Brief Overview of Bias Due to Misclassification

Misclassified Exposures

When an effect exists, simulation studies have shown that absolutely nondifferential misclassification of a binary exposure will, on average, bias the estimate of effect towards the null [1]. Researchers often rely on this knowledge and make the assumption that the observed effect is, at worst, an under-estimate of the true effect given nondifferential misclassification of the exposure. The exceptions to this rule of thumb are less well known. If the exposure is polytomous (i.e., is categorized in more than two levels), the bias from nondifferential misclassification could be in either direction [2]. Nor is bias toward the null guaranteed if the misclassification is related to errors in other variables or if there are other sources of systematic error (e.g., selection bias or confounding) in exposure classification [3]. In the unlikely event that each level of exposure is misclassified beyond what would be expected if exposure had been randomly assigned, the bias could remove or even reverse (i.e., beyond the null) the appearance of an association. Of course, exposure misclassification that differs by outcome status (differential) can bias in any direction.

Misclassified Outcomes

In most cases, nondifferential misclassification of a binary outcome will also result in bias toward the null. However, there are some exceptions to this general rule where disease misclassification is not expected to produce bias. Given perfect specificity (i.e., no false positives) and nondifferential misclassification of disease due only to low sensitivity, the risk ratio will be unbiased in expectation; however, the risk difference will be biased toward the null to the degree of the sensitivity (e.g., if the sensitivity is 80 %, the expected risk difference value will be 80 % of the true risk difference). In this situation, odds ratios and rate ratios will also be biased toward the null. If the outcome is rare in all exposure groups, the odds ratio will approximate the risk ratio and the estimate will be unbiased [3]; similarly, if the impact of misclassification on person-time is negligible, the rate ratio will be unbiased [4].

Misclassified Confounders

Misclassification of a confounder leads to an estimated measure of effect that is biased toward the crude measure, if the misclassification is nondifferential with regard to both the exposure and the outcome and there are no other sources of error. The direction of the bias or “residual confounding” can be either away or toward the null [2]. For a binary confounder, the independent nondifferential misclassification will cause a bias in the direction of the confounding because the ability to control fully for the confounder has been reduced, resulting in a partially controlled result that lies between the crude and true values.

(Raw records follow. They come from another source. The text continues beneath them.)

lemma adj_in_rtranclp_bags_along_component:
  assumes W: "W \<subseteq> V" and x: "j0 \<in> I" "x \<in> B j0" and "(adj_in W E)\<^sup>*\<^sup>* x v"
  defines "X \<equiv> {j\<in>I. B j \<inter> graph_component E W x \<noteq> {}}"
  shows "\<forall>j\<in>I. v \<in> B j \<longrightarrow> (adj_in X F)\<^sup>*\<^sup>* j0 j"
proof -
  have occurrences: "{j\<in>I. v \<in> B j} \<subseteq> X" if "v \<in> graph_component E W x" for v
    using that unfolding X_def by blast
  from assms(4) show ?thesis
  proof (induction rule: rtranclp_induct)
    case base
    have "x \<in> V" using td_bag_subset x by blast
    then show ?case
      using adj_in_rtranclp_between_occurrences x occurrences[OF graph_component_self] by blast
  next
    case (step v v')
    have e: "{v, v'} \<in> E" "v' \<in> W" using step.hyps(2) by (auto simp: adj_in_def)
    obtain j1 where j1: "j1 \<in> I" "{v, v'} \<subseteq> B j1" using td_edge_in_bag[OF e(1)] by blast
    have "(adj_in X F)\<^sup>*\<^sup>* j0 j1" using step.IH j1 by blast
    moreover have "v' \<in> graph_component E W x"
      using step.hyps unfolding graph_component_def by (simp add: rtranclp.rtrancl_into_rtrancl)
    ultimately show ?case
      using adj_in_rtranclp_between_occurrences[of v' j1] occurrences W e(2) j1
      by (meson insert_subset rtranclp_trans subsetD)
  qed
qed

lemma connected_on_bags_meeting_component:
  assumes W: "W \<subseteq> V" "x \<in> W"
  shows "connected_on {j\<in>I. B j \<inter> graph_component E W x \<noteq> {}} F"
proof -
  define X where "X = {j\<in>I. B j \<inter> graph_component E W x \<noteq> {}}"
  obtain j0 where j0: "j0 \<in> I" "x \<in> B j0" using td_vertex_in_bag W by blast
  have reach: "(adj_in X F)\<^sup>*\<^sup>* j0 j" if "j \<in> X" for j
  proof -
    obtain v where "j \<in> I" "v \<in> B j" "(adj_in W E)\<^sup>*\<^sup>* x v"
      using \<open>j \<in> X\<close> unfolding X_def graph_component_def by blast
    then show ?thesis
      using adj_in_rtranclp_bags_along_component[OF W(1) j0] unfolding X_def by blast
  qed
  have "j0 \<in> X" unfolding X_def using j0 graph_component_self[of x E W] by blast
  moreover have "(adj_in X F)\<^sup>*\<^sup>* a b" if "a \<in> X" "b \<in> X" for a b
    using rtranclp_trans[OF adj_in_rtranclp_sym[OF reach[OF that(1)]] reach[OF that(2)]] .
  ultimately show ?thesis unfolding connected_on_def X_def by blast
qed

text \<open>If no bag restricted to U is such a separator, every bag misses a component of U minus
  the bag with more than half of the vertices of U. Any two of these components meet, so the sets
  of bags meeting them are pairwise intersecting subtrees; by the Helly property some bag meets
  its own component, which it misses by construction.\<close>

lemma balanced_separator:
  assumes bag_card: "\<And>i. i \<in> I \<Longrightarrow> card (B i) \<le> w + 1" and finV: "finite V" and U: "U \<subseteq> V"
  obtains S where "S \<subseteq> U" "card S \<le> w + 1"
    "\<And>x. x \<in> U - S \<Longrightarrow> 2 * card (graph_component E (U - S) x) \<le> card U"
proof (rule ccontr)
  assume "\<not> thesis"
  then have no_separator: "\<not> (S \<subseteq> U \<and> card S \<le> w + 1 \<and>
      (\<forall>x\<in>U - S. 2 * card (graph_component E (U - S) x) \<le> card U))" for S
    using that by blast
  have finU: "finite U" using U finV finite_subset by blast
  have "\<exists>x\<in>U - B i. card U < 2 * card (graph_component E (U - B i) x)" if i: "i \<in> I" for i
  proof -
    have "card (U \<inter> B i) \<le> card (B i)"
      using card_mono[OF finite_subset[OF td_bag_subset[OF i] finV], of "U \<inter> B i"] by blast
    then have "card (U \<inter> B i) \<le> w + 1" using bag_card[OF i] by linarith
    moreover have "U - (U \<inter> B i) = U - B i" by blast
    ultimately show ?thesis using no_separator[of "U \<inter> B i"] by (auto simp: not_le)
  qed
  then obtain x where x: "\<And>i. i \<in> I \<Longrightarrow> x i \<in> U - B i \<and> card U < 2 * card (graph_component E (U - B i) (x i))"
    by metis
  define C where "C i = graph_component E (U - B i) (x i)" for i
  have CU: "C i \<subseteq> U - B i" if "i \<in> I" for i
    unfolding C_def using graph_component_subset x[OF that] by blast
  define X where "X i = {j\<in>I. B j \<inter> C i \<noteq> {}}" for i
  have "\<exists>k\<in>I. \<forall>Y\<in>X ` I. k \<in> Y"
  proof (rule helly_subtrees[OF td_tree_on])
    fix Y assume "Y \<in> X ` I"
    then obtain i where i: "i \<in> I" "Y = X i" by blast
    show "Y \<subseteq> I" using i unfolding X_def by blast
    show "connected_on Y F" unfolding i(2) X_def C_def
      by (rule connected_on_bags_meeting_component) (use U x[OF i(1)] in auto)
  next
    fix Y Z assume "Y \<in> X ` I" "Z \<in> X ` I"
    then obtain i j where ij: "i \<in> I" "j \<in> I" "Y = X i" "Z = X j" by blast
    have "C i \<inter> C j \<noteq> {}"
    proof (rule majority_subsets_intersect[OF finU])
      show "C i \<subseteq> U" "C j \<subseteq> U" using CU ij(1,2) by blast+
      show "card U < 2 * card (C i)" "card U < 2 * card (C j)"
        using x ij(1,2) unfolding C_def by blast+
    qed
    then obtain v where v: "v \<in> C i" "v \<in> C j" by blast
    then have "v \<in> V" using CU ij U by blast
    then obtain k where "k \<in> I" "v \<in> B k" using td_vertex_in_bag by blast
    then show "Y \<inter> Z \<noteq> {}" using v ij unfolding X_def by blast
  qed
  then obtain k where "k \<in> I" "k \<in> X k" by blast
  then show False using CU[OF \<open>k \<in> I\<close>] unfolding X_def by blast
qed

This partial control is limited to situations where there is no qualitative interaction between the exposure and the confounder [5]. The most extreme effects of confounder misclassification are observed when the study exposure variable is weakly associated with the outcome in comparison to a stronger confounder [6, 7].

Expected Bias vs. Bias of a Single Study

The conditions under which the direction of any given bias is predictable are limited and, in practice, are impossible to guarantee. Investigators need to be aware that conventional wisdom regarding the expected bias due to misclassification in various scenarios reflects an average estimated across multiple study repetitions; thus, an estimate from a single study may not follow the direction of bias according to these rules [1, 8]. In a simulation study of nondifferential misclassification, the mean result across many trials was biased toward the null, as expected, but the estimates from the individual trials were biased both away from and toward the null [1]. This highlights the importance of quantifying the impact of misclassification in each study rather than relying on the expected direction of bias.

Prescription Medications

Arguably, one of the strengths of using administrative claims to evaluate medication effects is the relatively complete nature of data regarding prescription fills. These data derive from insurance claims for medications that are filled by the patient at a community-based pharmacy. These data are generally superior to self-reported medication use (which is susceptible to recall bias) [9, 10]. In some cases, these data are also more accurate than records of physician-ordered prescriptions (which may include medications that are never obtained by the patient) [11, 12]. Nonetheless, there are a variety of circumstances in which these pharmacy claims may not reflect the actual medication exposure of patients.

Non-Users Misclassified as Users

This type of misclassified exposure status includes patients with prescriptions that are filled but never taken, those initially taken and then discontinued, and those taken PRN (as needed) or intermittently. One common approach to minimizing the impact of these misclassified individuals is to require evidence of a second prescription fill within a fixed period of time to increase the likelihood that patients are actually taking the medication [13, 14]. This necessitates starting follow-up at the second fill to avoid introducing immortal time, thus limiting the ability to study short-term effects [15]. We discuss the implications of imperfect identification of when medications are started and stopped in the section on misclassified duration of use below.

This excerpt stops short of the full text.